Jedna z uczestniczek programu "10 lat młodsza w 10 dni" skontaktowała się z redakcją serwisu Plejada.pl, aby opowiedzieć o negatywnych doświadczeniach w programie Mai Sablewskiej. Kobieta nie zdradziła swojej tożsamości i chciała pozostać anonimowa. Jest to prawdopodobnie związane z kontrowersyjną umową, która zabrania krytykowania programu do 20 lat po jego zakończeniu.
Byłam uczestniczką jednego z odcinków programu "10 lat młodsza w 10 dni" i mogę powiedzieć, że inaczej to sobie wyobrażałam. Nie miałam tam nic do powiedzenia, bo decydowała wyłącznie pani Sablewska - napisała anonimowa uczestniczka.

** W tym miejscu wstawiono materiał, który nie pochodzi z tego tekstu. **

(* Let $\mathfrak S=(S,\xrightarrow{F},\le)$ be a functional WSTS. Then its completion $\widehat{\mathfrak S}$ is a (complete, functional) WSTS if and only if $(S,\le)$ is $\omega^2$-wqo.
   Context: A functional WSTS $(S,\xrightarrow{F},\le)$: $(S,\le)$ is a well partial order (well-founded, no infinite antichain), and $F$ is a finite set of partial monotonic maps $f:S\rightharpoonup S$ (domain upward-closed, $f$ monotone on its domain); transitions are $s\to f(s)$. A WSTS is a monotonic ordered transition system whose order is a well (quasi-)order; a complete functional WSTS is one whose state space is a continuous dcpo which is well-ordered, with partial continuous maps (Scott-open domain, preserving lubs of directed subsets of the domain). Completion: an ideal of $S$ is a nonempty downward-closed directed subset; $\widehat S=\mathrm{Idl}(S)$ ordered by inclusion; for $f\in F$, $\widehat f$ has domain $\{C\in\widehat S\mid C\cap\operatorname{dom}f\neq\emptyset\}$ and $\widehat f(C)=\downarrow f\langle C\cap\operatorname{dom} f\rangle$; $\widehat{\mathfrak S}=(\widehat S,\xrightarrow{\{\widehat f\mid f\in F\}},\subseteq)$. Rado's structure: $X_{\mathrm{Rado}}=\{(m,n)\in\mathbb N^2\mid m<n\}$ with $(m,n)\le(m',n')$ iff ($m=m'$ and $n\le n'$) or $n<m'$. A wqo is $\omega^2$-wqo if it contains no subset order-isomorphic (with the induced order) to $X_{\mathrm{Rado}}$. *)

theory Defs
  imports Main
begin

definition partial_order_on :: "'a set \<Rightarrow> ('a \<Rightarrow> 'a \<Rightarrow> bool) \<Rightarrow> bool" where
  "partial_order_on S le \<longleftrightarrow>
     (\<forall>x\<in>S. le x x) \<and>
     (\<forall>x\<in>S. \<forall>y\<in>S. le x y \<and> le y x \<longrightarrow> x = y) \<and>
     (\<forall>x\<in>S. \<forall>y\<in>S. \<forall>z\<in>S. le x y \<and> le y z \<longrightarrow> le x z)"

definition antichain_on :: "'a set \<Rightarrow> ('a \<Rightarrow> 'a \<Rightarrow> bool) \<Rightarrow> 'a set \<Rightarrow> bool" where
  "antichain_on S le A \<longleftrightarrow> A \<subseteq> S \<and> (\<forall>x\<in>A. \<forall>y\<in>A. x \<noteq> y \<longrightarrow> \<not> le x y \<and> \<not> le y x)"

definition wpo_on :: "'a set \<Rightarrow> ('a \<Rightarrow> 'a \<Rightarrow> bool) \<Rightarrow> bool" where
  "wpo_on S le \<longleftrightarrow> partial_order_on S le \<and>
     wfp_on S (\<lambda>x y. le x y \<and> x \<noteq> y) \<and>
     (\<forall>A. antichain_on S le A \<longrightarrow> finite A)"

definition pdom :: "'a set \<Rightarrow> ('a \<Rightarrow> 'b option) \<Rightarrow> 'a set" where
  "pdom S f = {x\<in>S. f x \<noteq> None}"

definition functional_WSTS :: "'a set \<Rightarrow> ('a \<Rightarrow> 'a \<Rightarrow> bool) \<Rightarrow> ('a \<Rightarrow> 'a option) set \<Rightarrow> bool" where
  "functional_WSTS S le F \<longleftrightarrow> wpo_on S le \<and> finite F \<and>
     (\<forall>f\<in>F. (\<forall>x\<in>pdom S f. the (f x) \<in> S) \<and>
            (\<forall>x\<in>pdom S f. \<forall>y\<in>S. le x y \<longrightarrow> y \<in> pdom S f) \<and>
            (\<forall>x\<in>pdom S f. \<forall>y\<in>pdom S f. le x y \<longrightarrow> le (the (f x)) (the (f y))))"

definition directed_on :: "'a set \<Rightarrow> ('a \<Rightarrow> 'a \<Rightarrow> bool) \<Rightarrow> 'a set \<Rightarrow> bool" where
  "directed_on S le D \<longleftrightarrow> D \<subseteq> S \<and> D \<noteq> {} \<and> (\<forall>x\<in>D. \<forall>y\<in>D. \<exists>z\<in>D. le x z \<and> le y z)"

definition is_lub :: "'a set \<Rightarrow> ('a \<Rightarrow> 'a \<Rightarrow> bool) \<Rightarrow> 'a set \<Rightarrow> 'a \<Rightarrow> bool" where
  "is_lub S le D d \<longleftrightarrow> d \<in> S \<and> (\<forall>x\<in>D. le x d) \<and> (\<forall>u\<in>S. (\<forall>x\<in>D. le x u) \<longrightarrow> le d u)"

definition dcpo_on :: "'a set \<Rightarrow> ('a \<Rightarrow> 'a \<Rightarrow> bool) \<Rightarrow> bool" where
  "dcpo_on S le \<longleftrightarrow> partial_order_on S le \<and> (\<forall>D. directed_on S le D \<longrightarrow> (\<exists>d. is_lub S le D d))"

definition way_below :: "'a set \<Rightarrow> ('a \<Rightarrow> 'a \<Rightarrow> bool) \<Rightarrow> 'a \<Rightarrow> 'a \<Rightarrow> bool" where
  "way_below S le x y \<longleftrightarrow>
     (\<forall>D d. directed_on S le D \<and> is_lub S le D d \<and> le y d \<longrightarrow> (\<exists>e\<in>D. le x e))"

definition continuous_dcpo_on :: "'a set \<Rightarrow> ('a \<Rightarrow> 'a \<Rightarrow> bool) \<Rightarrow> bool" where
  "continuous_dcpo_on S le \<longleftrightarrow> dcpo_on S le \<and>
     (\<forall>x\<in>S. directed_on S le {y\<in>S. way_below S le y x} \<and> is_lub S le {y\<in>S. way_below S le y x} x)"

Uczestniczka podkreśliła, że nie mogła wpływać na przebieg metamorfozy, bo o wszystkim decydowała prowadząca.
Jak poprosiłam choćby o zmianę butów, usłyszałam: "to ja tutaj rządzę". Osobiście do tak cieniutkiej sukienki nigdy nie założyłabym ciężkich butów, one nadają się do spodni, ewentualnie do kostiumu, ale moje zdanie nie obchodziło nikogo - wyznała w liście.
Uczestniczka nie była zadowolona z dobranych jej strojów, ale jak wyznała, nie miała żadnego wpływu na modowe decyzje.
Sama sukienka pochodziła od sponsora i musiałam ją założyć. "Pani nie ma tutaj nic do powiedzenia. Tutaj rządzi pani Sablewska" — uświadamiała mnie osoba z produkcji. Przestałam się więc wtrącać - dodała.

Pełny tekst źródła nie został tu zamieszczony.